Chicago Gay History

Review
CHICAGO GAY HISTORY
Chicago, IL 60602
Link to website
Tracy Baim
editor@chicagogayhistory.com

Chicago’s gay community has contributed in many ways to the national and international fight for gay, lesbian, bisexual and transgender rights. However, those contributions have often been overlooked in documentations of the movement, and this new Chicago Gay History Project seeks to provide a comprehensive overview of those many important people, events, and organizations who helped the Windy City become a beacon of gay progress in the latter part of the 20th Century.

From the anti-gay police raids and harassment of earlier decades, Chicago has risen to become one of the most progressive cities in the world, with legal protections, a city-designated neighborhood, a major community center, the hosting of the Gay Games in 2006, and a city-sponsored Gay and Lesbian Hall of Fame. Illinois was the first state to remove its sodomy law, and the first gay-rights group in the U.S. started in Chicago.

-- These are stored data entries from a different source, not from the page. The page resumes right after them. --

lemma Kthm_Interp_imp_GK: "Kthm (Interp gs ds) \<Longrightarrow> GK (mset gs) (mset ds)"
proof -
  assume "Kthm (Interp gs ds)"
  then have "GK {#} ({#Imp (Fuss gs) (Fuss ds)#} + {#})"
    unfolding Interp_def by (simp add: Kthm_imp_GK)
  moreover have "GK ({#Fuss gs#} + {#Imp (Fuss gs) (Fuss ds)#}) {#Fuss ds#}"
    using GK_modus_ponens by (simp add: add_mset_commute)
  ultimately have "GK {#Fuss gs#} {#Fuss ds#}"
    using GK_cut_mset by fastforce
  then show ?thesis
    using GK_cut_single GK_Fuss_left GK_Fuss_right by blast
qed

theorem proposition4p3:
  fixes gs ds :: "fm list"
  shows "GK (mset gs) (mset ds) \<longleftrightarrow> Kthm (Interp gs ds)"
  using GK_imp_Kthm_Interp Kthm_Interp_imp_GK by blast

end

While The Society of Human Rights in the 1920s was short-lived (due to police intervention), the visionary who started that group, Henry Gerber, was among the many Chicagoans who were at the vanguard of the movement for gay equality. From Jane Addams to Lorraine Hansberry, Marie J. Kuda to William Kelley, Chuck Renslow to Vernita Gray, this projects takes an extensive look back, so that we may learn for a better future.